The new study has been carried out by Global Finance magazine and considers war, crime and the risk posed by natural disasters
The ranking sees Iceland as the world’s safest country and the Philippines as the most dangerous.
Iceland has a very low crime rate and despite active volcanoes, there is a low risk to life, the study found.
In the meantime, the United States came in at number 65, due to the risk from violent crime and in particular due to its high homicide rate.
The United Kingdom scored 38th position.
“Global Finance magazine’s safety index factors in risks of natural disaster with crime, terrorism and war to present a more rounded analysis of the world’s safest countries,” they said.
Unsurprisingly, European countries scooped 15 out of 20 of the top spots as safest countries on the list
The top ten are: Iceland, Switzerland, Finland, Portugal, Austria, Norway, Qatar, Singapore, Denmark and New Zealand.
Most of the countries ranking the lowest have a combination of risk from all three threats to safety. These countries are often economically developing and are located in areas with a high risk of natural disaster, they said.
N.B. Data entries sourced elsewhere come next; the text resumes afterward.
lemma MASS_family_eq:
  assumes "unitary_system d W"
  shows "MASS_family d W = {S. is_MASS d W S}"
  unfolding MASS_family_def maximal_MASS_family_iff[OF assms] by simp

lemma Union_MASS_family:
  assumes "unitary_system d W"
  shows "\<Union>(MASS_family d W) = W"
  using maximal_MASS_family_iff[OF assms] MASS_family_eq[OF assms]
  unfolding maximal_MASS_family_def by blast

lemma MASS_family_disjoint:
  assumes W: "unitary_system d W" and simple: "\<forall>U\<in>W. simple_eigenvalues U"
    and A: "A \<in> MASS_family d W" and B: "B \<in> MASS_family d W" and "A \<noteq> B"
  shows "A \<inter> B = {}"
proof (rule ccontr)
  assume "A \<inter> B \<noteq> {}"
  then obtain U where UA: "U \<in> A" and UB: "U \<in> B" by blast
  from A B have AW: "A \<subseteq> W" and BW: "B \<subseteq> W" and "commuting_set A" "commuting_set B"
    unfolding MASS_family_eq[OF W] is_MASS_iff[OF W] by auto
  hence commU: "X * U = U * X" if "X \<in> A \<union> B" for X
    using that UA UB unfolding commuting_set_def by blast
  have carr: "A \<union> B \<subseteq> carrier_mat d d" using AW BW unitary_system_carrier[OF W] by blast
  have "commuting_set (A \<union> B)" unfolding commuting_set_def
  proof (intro ballI)
    fix X Y assume X: "X \<in> A \<union> B" and Y: "Y \<in> A \<union> B"
    have "U \<in> W" using UA AW by blast
    with carr UA simple have "U \<in> carrier_mat d d" and "simple_eigenvalues U" by auto
    thus "X * Y = Y * X"
      using commute_simple_eigenvalues_commute commU[OF X] commU[OF Y] X Y carr by blast
  qed
  hence "A \<union> B = A" and "A \<union> B = B"
    using A B AW BW unfolding MASS_family_eq[OF W] is_MASS_iff[OF W] by auto
  with \<open>A \<noteq> B\<close> show False by simp
qed

lemma is_MASS_image_iff:
  assumes W: "unitary_system d W" and W': "unitary_system d (\<phi> ` W)" and inj: "inj_on \<phi> W"
    and comm: "\<And>A B. A \<in> W \<Longrightarrow> B \<in> W \<Longrightarrow> \<phi> A * \<phi> B = \<phi> B * \<phi> A \<longleftrightarrow> A * B = B * A"
    and S: "S \<subseteq> W"
  shows "is_MASS d (\<phi> ` W) (\<phi> ` S) \<longleftrightarrow> is_MASS d W S"
proof -
  have commuting_image: "commuting_set (\<phi> ` T) \<longleftrightarrow> commuting_set T" if "T \<subseteq> W" for T
    using that unfolding commuting_set_def by (simp add: comm subset_iff)
  have image_subset: "\<phi> ` S \<subseteq> \<phi> ` T \<longleftrightarrow> S \<subseteq> T" if "T \<subseteq> W" for T
    using inj_on_image_mem_iff[OF inj] S that by blast
  have image_eq: "\<phi> ` T = \<phi> ` S \<longleftrightarrow> T = S" if "T \<subseteq> W" for T
    using inj_on_image_eq_iff[OF inj that S] .
  have max_iff: "(\<forall>S'. \<phi> ` S \<subseteq> S' \<and> S' \<subseteq> \<phi> ` W \<and> commuting_set S' \<longrightarrow> S' = \<phi> ` S) \<longleftrightarrow>
      (\<forall>T. S \<subseteq> T \<and> T \<subseteq> W \<and> commuting_set T \<longrightarrow> T = S)"
  proof (intro iffI allI impI)
    fix T assume max: "\<forall>S'. \<phi> ` S \<subseteq> S' \<and> S' \<subseteq> \<phi> ` W \<and> commuting_set S' \<longrightarrow> S' = \<phi> ` S"
      and T: "S \<subseteq> T \<and> T \<subseteq> W \<and> commuting_set T"
    have "\<phi> ` T = \<phi> ` S"
      using T commuting_image[of T] by (intro max[rule_format]) blast
    thus "T = S" using image_eq T by blast
  next
    fix S' assume max: "\<forall>T. S \<subseteq> T \<and> T \<subseteq> W \<and> commuting_set T \<longrightarrow> T = S"
      and S': "\<phi> ` S \<subseteq> S' \<and> S' \<subseteq> \<phi> ` W \<and> commuting_set S'"
    then obtain T where T: "T \<subseteq> W" and S'_eq: "S' = \<phi> ` T" by (auto simp: subset_image_iff)
    have "S \<subseteq> T" using S' S'_eq image_subset[OF T] by blast
    moreover have "commuting_set T" using S' S'_eq commuting_image[OF T] by blast
    ultimately show "S' = \<phi> ` S" using max T S'_eq by blast
  qed
  have "is_MASS d (\<phi> ` W) (\<phi> ` S) \<longleftrightarrow> \<phi> ` S \<subseteq> \<phi> ` W \<and> \<phi> ` S \<noteq> {} \<and> commuting_set (\<phi> ` S) \<and>
      (\<forall>S'. \<phi> ` S \<subseteq> S' \<and> S' \<subseteq> \<phi> ` W \<and> commuting_set S' \<longrightarrow> S' = \<phi> ` S)"
    by (rule is_MASS_iff[OF W'])
  also have "\<dots> \<longleftrightarrow> S \<subseteq> W \<and> S \<noteq> {} \<and> commuting_set S \<and>
      (\<forall>T. S \<subseteq> T \<and> T \<subseteq> W \<and> commuting_set T \<longrightarrow> T = S)"
    unfolding max_iff commuting_image[OF S] using S by blast
  also have "\<dots> \<longleftrightarrow> is_MASS d W S" by (rule is_MASS_iff[OF W, symmetric])
  finally show ?thesis .
qed

lemma MASS_family_image:
  assumes W: "unitary_system d W" and W': "unitary_system d (\<phi> ` W)" and inj: "inj_on \<phi> W"
    and comm: "\<And>A B. A \<in> W \<Longrightarrow> B \<in> W \<Longrightarrow> \<phi> A * \<phi> B = \<phi> B * \<phi> A \<longleftrightarrow> A * B = B * A"
  shows "MASS_family d (\<phi> ` W) = image \<phi> ` MASS_family d W"
proof -
  have MASS_image_iff: "is_MASS d (\<phi> ` W) (\<phi> ` S) \<longleftrightarrow> is_MASS d W S" if "S \<subseteq> W" for S
    by (rule is_MASS_image_iff[OF W W' inj]) (simp_all add: comm that)
  have "is_MASS d (\<phi> ` W) S' \<longleftrightarrow> S' \<in> image \<phi> ` {S. is_MASS d W S}" for S'
  proof
    assume S': "is_MASS d (\<phi> ` W) S'"
    hence "S' \<subseteq> \<phi> ` W" unfolding is_MASS_def by blast
    then obtain T where T: "T \<subseteq> W" and S'_eq: "S' = \<phi> ` T" by (auto simp: subset_image_iff)
    hence "is_MASS d W T" using S' MASS_image_iff[OF T] by simp
    thus "S' \<in> image \<phi> ` {S. is_MASS d W S}" using S'_eq by blast
  next
    assume "S' \<in> image \<phi> ` {S. is_MASS d W S}"
    then obtain S where S: "is_MASS d W S" and S'_eq: "S' = \<phi> ` S" by blast
    moreover have "S \<subseteq> W" using S unfolding is_MASS_def by blast
    ultimately show "is_MASS d (\<phi> ` W) S'" using MASS_image_iff by simp
  qed
  thus ?thesis unfolding MASS_family_eq[OF W] MASS_family_eq[OF W'] by blast
qed

lemma unitary_op_adjoint:
  assumes "unitary_op d V"
  shows "mat_adjoint V \<in> carrier_mat d d" and "V * mat_adjoint V = 1\<^sub>m d"
  using assms unfolding unitary_op_def mat_adjoint_def by auto

lemma coll_unit_equiv_via_iff_MASS_family:
  assumes W: "unitary_system d W" and W': "unitary_system d W'" and V: "unitary_op d V"
  shows "coll_unit_equiv_via W W' V \<longleftrightarrow>
    (\<exists>f. bij_betw f (MASS_family d W) (MASS_family d W') \<and>
         (\<forall>A\<in>MASS_family d W. coll_unit_equiv_via A (f A) V))"
proof -
  define \<phi> where "\<phi> A = mat_adjoint V * A * V" for A
  have Vc: "V \<in> carrier_mat d d" using V unfolding unitary_op_def by blast
  note conj = unitary_op_adjoint[OF V]
  have Wc: "W \<subseteq> carrier_mat d d" using unitary_system_carrier[OF W] .
  have inj: "inj_on \<phi> (carrier_mat d d)" unfolding \<phi>_def using inj_on_conj_mat[OF Vc conj] .
  show ?thesis unfolding coll_unit_equiv_via_def \<phi>_def[symmetric]
  proof
    assume W'_eq: "W' = \<phi> ` W"
    have comm: "\<phi> A * \<phi> B = \<phi> B * \<phi> A \<longleftrightarrow> A * B = B * A" if "A \<in> W" "B \<in> W" for A B
      unfolding \<phi>_def using conj_mat_commute_iff[OF Vc conj] that Wc by blast
    have "MASS_family d W' = image \<phi> ` MASS_family d W"
      unfolding W'_eq using MASS_family_image W W'[unfolded W'_eq] inj_on_subset[OF inj Wc] comm
      by blast
    moreover have "inj_on (image \<phi>) (MASS_family d W)"
      using Union_MASS_family[OF W] inj_on_subset[OF inj Wc] by (intro inj_on_image) simp
    ultimately show "\<exists>f. bij_betw f (MASS_family d W) (MASS_family d W') \<and>
        (\<forall>A\<in>MASS_family d W. f A = \<phi> ` A)" unfolding bij_betw_def by blast
  next
    assume "\<exists>f. bij_betw f (MASS_family d W) (MASS_family d W') \<and>
        (\<forall>A\<in>MASS_family d W. f A = \<phi> ` A)"
    then obtain f where f_onto: "f ` MASS_family d W = MASS_family d W'"
      and f_eq: "\<forall>A\<in>MASS_family d W. f A = \<phi> ` A" unfolding bij_betw_def by blast
    have "f ` MASS_family d W = image \<phi> ` MASS_family d W"
      by (rule image_cong[OF refl]) (use f_eq in blast)
    hence "MASS_family d W' = image \<phi> ` MASS_family d W" using f_onto by simp
    hence "\<Union>(MASS_family d W') = \<phi> ` \<Union>(MASS_family d W)" by (simp add: image_Union)
    thus "W' = \<phi> ` W" unfolding Union_MASS_family[OF W] Union_MASS_family[OF W'] .
  qed
qed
Global Finance attribute the scores to developed economies and health care systems which protect people from dangers such as starvation and disease.
They said: “The new rankings feature update sources, an updated formula, and lots of interesting dynamics that affect where countries are ranked.”
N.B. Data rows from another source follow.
(* Let $n \geq 1$ and $0 < k < n$ be integers, and let $M$ be an invertible $n \times n$ matrix over the field $\mathbb{F}_2 = \{0,1\}$, acting on column vectors $x \in \mathbb{F}_2^n$ (binary strings of length $n$) by matrix multiplication with arithmetic modulo $2$. Let $S_k \subseteq \mathbb{F}_2^n$ be the set of binary strings of length $n$ with Hamming weight exactly $k$. Then there do not exist two distinct positions $i \neq j$ in $\{1,\dots,n\}$ such that the $i$-th digit of $Mx$ is the same for all $x \in S_k$ and the $j$-th digit of $Mx$ is the same for all $x \in S_k$.
   Context: $\mathrm{GL}_n(\mathbb{F}_2)$ denotes the group of invertible $n\times n$ matrices over the two-element field; it is isomorphic to the group of $n$-qubit permutation unitaries generated by CNOT gates, acting on computational basis strings. *)

theory Defs
  imports "HOL-Analysis.Analysis" "HOL-Library.Z2"
begin

definition hamming_weight :: "bit ^ 'n \<Rightarrow> nat" where
  "hamming_weight x = card {i. x $ i = 1}"

definition weight_slice :: "nat \<Rightarrow> (bit ^ 'n) set" where
  "weight_slice k = {x. hamming_weight x = k}"

end

theory Submission
  imports Defs
begin

text \<open>If row i of M is constant on the weight-k slice with 0 < k < n, then exchanging a single
  coordinate a for b in a weight-k string shows M i a = M i b, so the row is constant. Over F_2 a
  constant row is either zero or all ones; an invertible matrix has no zero row and no two equal
  rows, so at most one row of M can be constant on the slice.\<close>

definition indicator_vector :: "'n set \<Rightarrow> 'a::zero_neq_one ^ 'n" where
  "indicator_vector S = (\<chi> m. if m \<in> S then 1 else 0)"

lemma hamming_weight_indicator_vector: "hamming_weight (indicator_vector S) = card S"
  unfolding hamming_weight_def indicator_vector_def by simp

lemma matrix_vector_mult_indicator_vector:
  fixes M :: "'a::semiring_1 ^ 'n ^ 'm"
  shows "(M *v indicator_vector S) $ i = (\<Sum>m\<in>S. M $ i $ m)"
proof -
  have "(M *v indicator_vector S) $ i = (\<Sum>m\<in>UNIV. if m \<in> S then M $ i $ m else 0)"
    unfolding indicator_vector_def matrix_vector_mult_def by (simp add: if_distrib cong: if_cong)
  also have "\<dots> = (\<Sum>m\<in>S. M $ i $ m)"
    by (simp add: sum.If_cases)
  finally show ?thesis .
qed

lemma row_constant_if_constant_on_weight_slice:
  fixes M :: "bit ^ 'n ^ 'm"
  assumes k: "0 < k" "k < CARD('n)"
    and const: "\<forall>x\<in>weight_slice k. (M *v x) $ i = c"
  shows "row i M = vec (M $ i $ a)"
proof -
  have "M $ i $ b = M $ i $ a" for b
  proof (cases "a = b")
    case False
    have "k - 1 \<le> card (UNIV - {a, b})"
      using k False by (simp add: card_Diff_subset)
    then obtain T where T: "T \<subseteq> UNIV - {a, b}" "card T = k - 1"
      by (meson obtain_subset_with_card_n)
    have sum_eq_c: "(\<Sum>m\<in>insert e T. M $ i $ m) = c" if "e \<notin> T" for e
    proof -
      have "indicator_vector (insert e T) \<in> weight_slice k"
        using that T k by (simp add: weight_slice_def hamming_weight_indicator_vector)
      then show ?thesis
        using const by (metis matrix_vector_mult_indicator_vector)
    qed
    have "M $ i $ b + (\<Sum>m\<in>T. M $ i $ m) = M $ i $ a + (\<Sum>m\<in>T. M $ i $ m)"
      using sum_eq_c[of a] sum_eq_c[of b] T(1) by (metis Diff_iff insertCI subsetD finite sum.insert)
    then show ?thesis
      by (rule add_right_imp_eq)
  qed simp
  then show ?thesis
    by (simp add: row_def vec_eq_iff)
qed

lemma det_eq_0_if_two_constant_rows:
  fixes A :: "bit ^ 'n ^ 'n"
  assumes "i \<noteq> j" and "row i A = vec e" and "row j A = vec f"
  shows "det A = 0"
proof (cases "e = 0 \<or> f = 0")
  case True
  then show ?thesis
    using assms det_zero_row(2) by (metis vec_0)
next
  case False
  then have "row i A = row j A"
    using assms by simp
  with \<open>i \<noteq> j\<close> show ?thesis
    by (rule det_identical_rows)
qed

theorem theorem1:
  fixes M :: "bit ^ 'n ^ 'n" and k :: nat
  assumes "invertible M"
    and "0 < k" and "k < CARD('n)"
  shows "\<not> (\<exists>i j. i \<noteq> j
            \<and> (\<exists>c. \<forall>x\<in>weight_slice k. (M *v x) $ i = c)
            \<and> (\<exists>d. \<forall>x\<in>weight_slice k. (M *v x) $ j = d))"
proof
  assume "\<exists>i j. i \<noteq> j
            \<and> (\<exists>c. \<forall>x\<in>weight_slice k. (M *v x) $ i = c)
            \<and> (\<exists>d. \<forall>x\<in>weight_slice k. (M *v x) $ j = d)"
  then obtain i j c d where "i \<noteq> j"
    and "\<forall>x\<in>weight_slice k. (M *v x) $ i = c"
    and "\<forall>x\<in>weight_slice k. (M *v x) $ j = d"
    by blast
  then have "det M = 0"
    using assms(2,3) by (metis det_eq_0_if_two_constant_rows row_constant_if_constant_on_weight_slice)
  with \<open>invertible M\<close> show False
    by (simp add: invertible_det_nz)
qed

end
They noted that if just one of the three risks are high, it will have a limited effect on the country’s overall score.
One country may have poor scores in peace, security, and experience frequent natural disasters, others may experience war and famine but also have a low possibility of natural disasters.
The new safety index score, factors in risks of natural disaster, crime, terrorism and war to present a more rounded analysis of the world’s safest countries, they said.
Some countries though, do not appear on the list at all, including Syria, Afghanistan and Iraq.
Global Finance is a monthly magazine founded in 1987, with readers in 163 countries and headquarters in New York.
The new study cites sources as the World Economic Forum and the Global Institute for Peace to collect data.